_Records provided_
lemma critical_points_ge_multiple_root:
  fixes b nu :: "nat \<Rightarrow> real"
  assumes nu: "antimono_on {1..n - 1} nu"
      "proots (pderiv (poly_of_roots b n)) = image_mset nu (mset_set {1..n - 1})"
    and mult: "r + 1 \<le> card {i\<in>{1..n}. b i = L}" and j: "j \<in> {1..r}"
  shows "L \<le> nu j"
proof -
  define q where "q = poly_of_roots b n"
  have "card {i\<in>{1..n}. b i = L} \<le> card {1..n}"
    by (intro card_mono) auto
  then have n: "r + 1 \<le> n" using mult by simp
  have "r + 1 \<le> order L q"
    using mult
    by (simp add: q_def proots_poly_of_roots count_image_mset_mset_set flip: count_proots)
  then have "r \<le> order L (pderiv q)"
    using order_pderiv[of q L] order_root[of q L] by (simp add: q_def)
  moreover have "pderiv q \<noteq> 0"
    using n by (simp add: q_def pderiv_eq_0_iff)
  ultimately have "r \<le> card {j\<in>{1..n - 1}. nu j = L}"
    by (simp add: nu(2)[folded q_def] count_image_mset_mset_set flip: count_proots)
  moreover have "card {j\<in>{1..n - 1}. nu j = L} \<le> card {j\<in>{1..n - 1}. nu j \<in> {L..}}"
    by (intro card_mono) auto
  ultimately have "r \<le> card {j\<in>{1..n - 1}. nu j \<in> {L..}}" by linarith
  then show ?thesis
    using antimono_on_mem_iff_le_card[OF nu(1), of "{L..}" j] j n by auto
qed

lemma sum_critical_points_lower:
  fixes lam mu :: "nat \<Rightarrow> real"
  assumes lam: "antimono_on {1..n} lam"
    and mu: "antimono_on {1..n - 1} mu"
      "proots (pderiv (poly_of_roots lam n)) = image_mset mu (mset_set {1..n - 1})"
    and r: "r < n"
  shows "real (n - 1) * (\<Sum>j=1..r. lam (j + 1)) + real r * lam 1 \<le> real n * (\<Sum>j=1..r. mu j)"
proof -
  define L where "L = lam 1"
  define b where "b i = (if i \<le> r + 1 then L else lam i)" for i
  obtain nu where nu: "antimono_on {1..n - 1} nu"
    "proots (pderiv (poly_of_roots b n)) = image_mset nu (mset_set {1..n - 1})"
    using obtain_critical_points by blast
  have "lam i \<le> b i" if "i \<in> {1..n}" for i
    using monotone_onD[OF lam, of 1 i] that r by (auto simp: b_def L_def)
  then have mu_le_nu: "mu j \<le> nu j" if "j \<in> {1..n - 1}" for j
    using critical_points_mono[OF _ mu nu that] by blast
  have "{1..r + 1} \<subseteq> {i\<in>{1..n}. b i = L}"
    using r by (auto simp: b_def)
  then have "r + 1 \<le> card {i\<in>{1..n}. b i = L}"
    using card_mono[of "{i\<in>{1..n}. b i = L}" "{1..r + 1}"] by simp
  then have L_le_nu: "L \<le> nu j" if "j \<in> {1..r}" for j
    using critical_points_ge_multiple_root[OF nu _ that] by blast
  have casts: "real (n - 1) = real n - 1" using r by (simp add: of_nat_diff)
  have "(\<Sum>i=1..n. lam i) - (\<Sum>i=1..n. b i) = (\<Sum>i=1..r+1. lam i) - (\<Sum>i=1..r+1. b i)"
    using sum_split_at[of "r + 1" n lam] sum_split_at[of "r + 1" n b] r by (simp add: b_def)
  also have "\<dots> = (\<Sum>j=1..r. lam (j + 1)) - real r * L"
    by (simp add: b_def L_def sum.atLeast_Suc_atMost sum.shift_bounds_cl_Suc_ivl algebra_simps
        del: sum.cl_ivl_Suc)
  finally have diff: "(\<Sum>i=1..n. lam i) - (\<Sum>i=1..n. b i) = (\<Sum>j=1..r. lam (j + 1)) - real r * L" .
  have "(\<Sum>j=r+1..n - 1. mu j) \<le> (\<Sum>j=r+1..n - 1. nu j)"
    using mu_le_nu by (intro sum_mono) auto
  moreover have "real r * L \<le> (\<Sum>j=1..r. nu j)"
    using sum_mono[of "{1..r}" "\<lambda>_. L" nu] L_le_nu by simp
  ultimately have head_mu:
    "(\<Sum>j=1..n - 1. mu j) - (\<Sum>j=1..n - 1. nu j) + real r * L \<le> (\<Sum>j=1..r. mu j)"
    using sum_split_at[of r "n - 1" mu] sum_split_at[of r "n - 1" nu] r by simp
  have "real (n - 1) * (\<Sum>j=1..r. lam (j + 1)) + real r * L
      = real (n - 1) * ((\<Sum>i=1..n. lam i) - (\<Sum>i=1..n. b i)) + real n * (real r * L)"
    unfolding diff casts by (simp add: algebra_simps)
  also have "\<dots> = real n * ((\<Sum>j=1..n - 1. mu j) - (\<Sum>j=1..n - 1. nu j) + real r * L)"
    using sum_critical_points[OF mu(2)] sum_critical_points[OF nu(2)]
    by (simp add: algebra_simps)
  also have "\<dots> \<le> real n * (\<Sum>j=1..r. mu j)"
    using head_mu by (rule mult_left_mono) simp
  finally show ?thesis by (simp add: L_def)
qed

theorem corollary2p5:
  fixes n :: nat and lam mu :: "nat \<Rightarrow> real" and r :: nat
  assumes "n \<ge> 2"
    and "\<And>i j. 1 \<le> i \<Longrightarrow> i \<le> j \<Longrightarrow> j \<le> n \<Longrightarrow> lam j \<le> lam i"
    and "\<And>i j. 1 \<le> i \<Longrightarrow> i \<le> j \<Longrightarrow> j \<le> n - 1 \<Longrightarrow> mu j \<le> mu i"
    and "\<And>x. order x (pderiv (\<Prod>j=1..n. [:- lam j, 1:]))
                 = card {j \<in> {1..n - 1}. mu j = x}"
    and "1 \<le> r" and "r \<le> n - 1"
  shows "real (n - 1) * (\<Sum>j=1..r. lam (j + 1)) + real r * lam 1 \<le> real n * (\<Sum>j=1..r. mu j)
       \<and> real n * (\<Sum>j=1..r. mu j) \<le> real (n - 1) * (\<Sum>j=1..r. lam j) + real r * lam (r + 1)"
proof -
  have lam: "antimono_on {1..n} lam"
    using assms(2) by (intro monotone_onI) auto
  have mu: "antimono_on {1..n - 1} mu"
    using assms(3) by (intro monotone_onI) auto
  have "pderiv (poly_of_roots lam n) \<noteq> 0"
    using assms(1) by (simp add: pderiv_eq_0_iff)
  then have crit: "proots (pderiv (poly_of_roots lam n)) = image_mset mu (mset_set {1..n - 1})"
    using assms(4) by (intro multiset_eqI) (simp add: poly_of_roots_def count_image_mset_mset_set)
  have "r < n"
    using assms(1,6) by simp
  then show ?thesis
    using sum_critical_points_lower[OF lam mu crit] sum_critical_points_upper[OF lam mu crit]
    by simp
qed

end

_Problem statement_
Could you filter the material above and copy each line that holds the word "also"?

_Output for this exercise_
  also have "\<dots> = (\<Sum>j=1..r. lam (j + 1)) - real r * L"
  also have "\<dots> = real n * ((\<Sum>j=1..n - 1. mu j) - (\<Sum>j=1..n - 1. nu j) + real r * L)"
  also have "\<dots> \<le> real n * (\<Sum>j=1..r. mu j)"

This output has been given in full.